()將容華扶進了房間,點起燭台,冷月轉身便想離去。
可是,方才轉身,那似是柔若無骨的手卻扯住了他的長衫。
「公子。」她聲音極其的小,不注意听就像不存在一樣。冷月還是依舊一樣的站著,並未開口︰「公子喜歡容華嗎?」
唇角的笑妖嬈詭秘,她就這樣抓著他的袖子站了起來,腳步漂浮的走到他面前。
冷月的鼻尖滿滿的都是酒味。
「你醉了。」他低著眸看著她,面上無其他表情。
「醉?」她呵呵笑了兩聲,卻濕了睫毛︰「我已經醉了好多年了,如今方才清醒過來。」
冷月看著她,心知她是真醉了,只是,就算醉了,用情至深的那男人還是難以望去。她說,她醉了很多年了,那是不是決定要放下了,可是,她的痛苦這樣顯而易見,他卻不知那麼無所不用的讓她看穿爺的不值是否真的值得。

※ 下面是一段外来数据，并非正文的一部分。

lemma wr_succ_conj:
  assumes x: "x \<in> carrier (wreath G n)" and u: "u \<in> carrier (wreath G n)"
  shows "wr_succ (u \<otimes>\<^bsub>wreath G n\<^esub> x \<otimes>\<^bsub>wreath G n\<^esub> inv\<^bsub>wreath G n\<^esub> u)
    = snd u \<circ> wr_succ x \<circ> Hilbert_Choice.inv (snd u)"
proof -
  have su: "snd u permutes {1..n}" and sx: "snd x permutes {1..n}"
    using u x by (auto simp: wreath_carrier)
  have "snd (u \<otimes>\<^bsub>wreath G n\<^esub> x \<otimes>\<^bsub>wreath G n\<^esub> inv\<^bsub>wreath G n\<^esub> u)
      = snd u \<circ> snd x \<circ> Hilbert_Choice.inv (snd u)"
    by (simp add: wreath_mult wreath_inv[OF u])
  moreover have "bij (snd u)" "bij (snd x)" "bij (Hilbert_Choice.inv (snd u))"
    using su sx permutes_bij[OF permutes_inv[OF su]] by (simp_all add: permutes_bij)
  ultimately show ?thesis
    unfolding wr_succ_def by (simp add: o_inv_distrib bij_comp inv_inv_eq o_assoc)
qed

lemma wr_succ_conj_funpow:
  assumes x: "x \<in> carrier (wreath G n)" and u: "u \<in> carrier (wreath G n)"
  shows "(wr_succ (u \<otimes>\<^bsub>wreath G n\<^esub> x \<otimes>\<^bsub>wreath G n\<^esub> inv\<^bsub>wreath G n\<^esub> u) ^^ k) (snd u i)
    = snd u ((wr_succ x ^^ k) i)"
proof -
  have su: "snd u permutes {1..n}" using u by (simp add: wreath_carrier)
  show ?thesis
    by (induct k) (simp_all add: wr_succ_conj[OF x u] permutes_inverses(2)[OF su])
qed

lemma wreath_conj_fst:
  assumes u: "u \<in> carrier (wreath G n)" and y: "y \<in> carrier (wreath G n)"
    and i: "i \<in> {1..n}" and fix_i: "snd y i = i"
  shows "fst (u \<otimes>\<^bsub>wreath G n\<^esub> y \<otimes>\<^bsub>wreath G n\<^esub> inv\<^bsub>wreath G n\<^esub> u) (snd u i)
    = fst u (snd u i) \<otimes> fst y i \<otimes> inv (fst u (snd u i))"
proof -
  have su: "snd u permutes {1..n}" and sy: "snd y permutes {1..n}"
    using u y by (auto simp: wreath_carrier)
  have "snd u i \<in> {1..n}" using permutes_in_image[OF su] i by simp
  moreover have "Hilbert_Choice.inv (snd y) i = i"
    using permutes_inv_eq[OF sy] fix_i by simp
  ultimately show ?thesis
    using i by (simp add: wreath_mult wreath_inv[OF u] o_inv_distrib permutes_bij[OF su]
        permutes_bij[OF sy] permutes_inverses(2)[OF su])
qed

lemma wr_label_conj:
  assumes x: "x \<in> carrier (wreath G n)" and u: "u \<in> carrier (wreath G n)"
    and i: "i \<in> {1..n}"
  shows "wr_label G n (u \<otimes>\<^bsub>wreath G n\<^esub> x \<otimes>\<^bsub>wreath G n\<^esub> inv\<^bsub>wreath G n\<^esub> u) (snd u i)
    = wr_label G n x i"
proof -
  let ?W = "wreath G n"
  let ?y = "u \<otimes>\<^bsub>?W\<^esub> x \<otimes>\<^bsub>?W\<^esub> inv\<^bsub>?W\<^esub> u" and ?L = "wr_cycle_len x i"
  have su: "snd u permutes {1..n}" using u by (simp add: wreath_carrier)
  have "(wr_succ ?y ^^ k) (snd u i) = snd u i \<longleftrightarrow> (wr_succ x ^^ k) i = i" for k
    using wr_succ_conj_funpow[OF x u] permutes_inj[OF su] by (simp add: inj_eq)
  then have len: "wr_cycle_len ?y (snd u i) = ?L"
    unfolding wr_cycle_len_def period_def by simp
  have "bij (snd x)" using x by (metis permutes_bij wreath_carrier)
  then have "Hilbert_Choice.inv (snd x ^^ ?L) i = i" and "bij (snd x ^^ ?L)"
    using funpow_wr_cycle_len[OF x, of i] by (simp_all add: wr_succ_def inv_fn bij_fn)
  then have "snd (x [^]\<^bsub>?W\<^esub> ?L) i = i"
    unfolding wreath_pow_snd by (metis bij_inv_eq_iff)
  then have "wr_cycle_prod G n ?y (snd u i)
      = fst u (snd u i) \<otimes> wr_cycle_prod G n x i \<otimes> inv (fst u (snd u i))"
    unfolding wr_cycle_prod_def len group.conj_nat_pow[OF wreath_group u x]
    using wreath_conj_fst[OF u wreath_pow_closed[OF x] i] by simp
  moreover have "fst u (snd u i) \<in> carrier G"
    using wreath_fst_closed[OF u] permutes_in_image[OF su] i by blast
  ultimately show ?thesis
    unfolding wr_label_def using len conj_class_conj wr_cycle_prod_closed[OF x i] by simp
qed

lemma wr_type_conj:
  assumes x: "x \<in> carrier (wreath G n)" and u: "u \<in> carrier (wreath G n)"
  shows "wr_type G n (u \<otimes>\<^bsub>wreath G n\<^esub> x \<otimes>\<^bsub>wreath G n\<^esub> inv\<^bsub>wreath G n\<^esub> u) = wr_type G n x"
proof
  fix v
  let ?y = "u \<otimes>\<^bsub>wreath G n\<^esub> x \<otimes>\<^bsub>wreath G n\<^esub> inv\<^bsub>wreath G n\<^esub> u"
  have su: "snd u permutes {1..n}" using u by (simp add: wreath_carrier)
  have "{j \<in> {1..n}. wr_label G n ?y j = v} = snd u ` {i \<in> {1..n}. wr_label G n x i = v}"
  proof (intro equalityI subsetI)
    fix j assume j: "j \<in> {j \<in> {1..n}. wr_label G n ?y j = v}"
    let ?i = "Hilbert_Choice.inv (snd u) j"
    have "?i \<in> {1..n}" "snd u ?i = j"
      using j permutes_inv_in[OF su] permutes_inverses(1)[OF su] by auto
    then show "j \<in> snd u ` {i \<in> {1..n}. wr_label G n x i = v}"
      using wr_label_conj[OF x u] j by force
  qed (use wr_label_conj[OF x u] permutes_in_image[OF su] in auto)
  moreover have "inj_on (snd u) {i \<in> {1..n}. wr_label G n x i = v}"
    using permutes_inj[OF su] by (meson inj_on_subset subset_UNIV)
  ultimately show "wr_type G n ?y v = wr_type G n x v" unfolding wr_type_def by (simp add: card_image)
qed

end

section \<open>Elements of equal type are conjugate\<close>

lemma ex_bij_betw_fiberwise:
  assumes "finite A" "finite B"
    and card_eq: "\<And>v. card {a \<in> A. f a = v} = card {b \<in> B. g b = v}"
  shows "\<exists>\<beta>. bij_betw \<beta> A B \<and> (\<forall>a\<in>A. g (\<beta> a) = f a)"
proof -
  have "\<forall>v. \<exists>\<phi>. bij_betw \<phi> {a \<in> A. f a = v} {b \<in> B. g b = v}"
    using assms by (intro allI finite_same_card_bij) auto
  then obtain \<Phi> where \<Phi>: "\<And>v. bij_betw (\<Phi> v) {a \<in> A. f a = v} {b \<in> B. g b = v}"
    by metis
  define \<beta> where "\<beta> a = \<Phi> (f a) a" for a
  have "g b \<in> f ` A" if "b \<in> B" for b
  proof -
    have "card {a \<in> A. f a = g b} \<noteq> 0"
      using card_eq[of "g b"] \<open>finite B\<close> that by auto
    then show ?thesis by (auto simp: card_eq_0_iff) (metis image_eqI)
  qed
  then have "A = (\<Union>v\<in>f ` A. {a \<in> A. f a = v})" and "B = (\<Union>v\<in>f ` A. {b \<in> B. g b = v})"
    by auto
  moreover have "bij_betw \<beta> (\<Union>v\<in>f ` A. {a \<in> A. f a = v}) (\<Union>v\<in>f ` A. {b \<in> B. g b = v})"
    by (rule bij_betw_UNION_disjoint)
      (auto simp: \<beta>_def disjoint_family_on_def intro: bij_betw_cong[THEN iffD1, OF _ \<Phi>])
  ultimately have "bij_betw \<beta> A B" by simp
  moreover have "g (\<beta> a) = f a" if "a \<in> A" for a
    using bij_betw_apply[OF \<Phi>[of "f a"]] that unfolding \<beta>_def by auto
  ultimately show ?thesis by blast
qed

context group
begin

lemma wreath_conj_if_intertwined:
  assumes x: "x \<in> carrier (wreath G n)" and y: "y \<in> carrier (wreath G n)"
    and s: "s permutes {1..n}" and h: "\<And>p. p \<in> {1..n} \<Longrightarrow> h p \<in> carrier G"
    and succ: "\<And>p. p \<in> {1..n} \<Longrightarrow> s (wr_succ x p) = wr_succ y (s p)"
    and entry: "\<And>p. p \<in> {1..n} \<Longrightarrow> fst y (s p) \<otimes> h (wr_succ x p) = h p \<otimes> fst x p"
  shows "\<exists>u\<in>carrier (wreath G n). y = u \<otimes>\<^bsub>wreath G n\<^esub> x \<otimes>\<^bsub>wreath G n\<^esub> inv\<^bsub>wreath G n\<^esub> u"
proof -
  let ?W = "wreath G n"
  define u where "u = ((\<lambda>i\<in>{1..n}. h (Hilbert_Choice.inv s i)), s)"
  have sx: "snd x permutes {1..n}" and sy: "snd y permutes {1..n}"
    using x y by (auto simp: wreath_carrier)
  have u: "u \<in> carrier ?W"
    unfolding u_def wreath_carrier using s h permutes_inv_in[OF s] by (auto simp: restrict_PiE_iff)
  have inv_s_succ: "Hilbert_Choice.inv s (wr_succ y i) = wr_succ x (Hilbert_Choice.inv s i)"
    if "i \<in> {1..n}" for i
    using succ[OF permutes_inv_in[OF s that]] permutes_inverses[OF s] by metis
  have "snd y \<circ> s = s \<circ> snd x"
  proof
    fix p show "(snd y \<circ> s) p = (s \<circ> snd x) p"
    proof (cases "p \<in> {1..n}")
      case True
      then have "s p = wr_succ y (s (snd x p))"
        using succ[of "snd x p"] permutes_in_image[OF sx] permutes_inverses(2)[OF sx]
        unfolding wr_succ_def by metis
      then show ?thesis unfolding wr_succ_def using permutes_inverses(1)[OF sy] by simp
    qed (simp add: permutes_not_in[OF s] permutes_not_in[OF sx] permutes_not_in[OF sy])
  qed
  moreover have "fst y i \<otimes> h (Hilbert_Choice.inv s (wr_succ y i))
      = h (Hilbert_Choice.inv s i) \<otimes> fst x (Hilbert_Choice.inv s i)" if "i \<in> {1..n}" for i
    using entry[OF permutes_inv_in[OF s that]] inv_s_succ[OF that] permutes_inverses(1)[OF s] by simp
  ultimately have "y \<otimes>\<^bsub>?W\<^esub> u = u \<otimes>\<^bsub>?W\<^esub> x"
    using permutes_inv_in[OF sy] unfolding u_def wreath_mult
    by (auto simp: wr_succ_def intro!: ext)
  then have "y = u \<otimes>\<^bsub>?W\<^esub> x \<otimes>\<^bsub>?W\<^esub> inv\<^bsub>?W\<^esub> u"
    using group.inv_solve_right[OF wreath_group y wreath_mult_closed[OF u x] u] by simp
  then show ?thesis using u by blast
qed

他不開口,她卻也不在乎,手攀上他的肩︰「公子,容華雖是一介青樓女子,可是這麼多年來卻從未伺候過任何的一個男人,公子想要嗎?反正,容華也不想守了。」
她的話,讓他眉宇緊鎖了起來。她若是能夠從那一段不平等的感情中走出來,那他會很樂意,但是,她如此的自甘墮落,卻不是他想看到的。她這些年來,從未讓任何的一個男子見過那面容他都是知道的。只是,什麼叫做一介青樓女子,她是忘了她還是左相那生來便高高在上的千金身份了嗎?
「你醉了,我去叫左左來幫你沐浴換衣。」他抬手,將她在他胸前作怪的手拿了下來。
「呵,我沒醉。」她退後兩步,只是,那迷離的雙眸卻是完全的沒有可信度。
冷月僅是看著她。
容華身子有些搖晃,勉強站定在他面前,手伸到腰際,解開那腰帶︰「你們都覺得慕傾姑娘比較好是不是,都嫌棄我是個青樓女子是不是,慕傾來了,盛世容華便成昨日黃花了。」她聲音有些哽咽,腰帶褪去,衣衫不整。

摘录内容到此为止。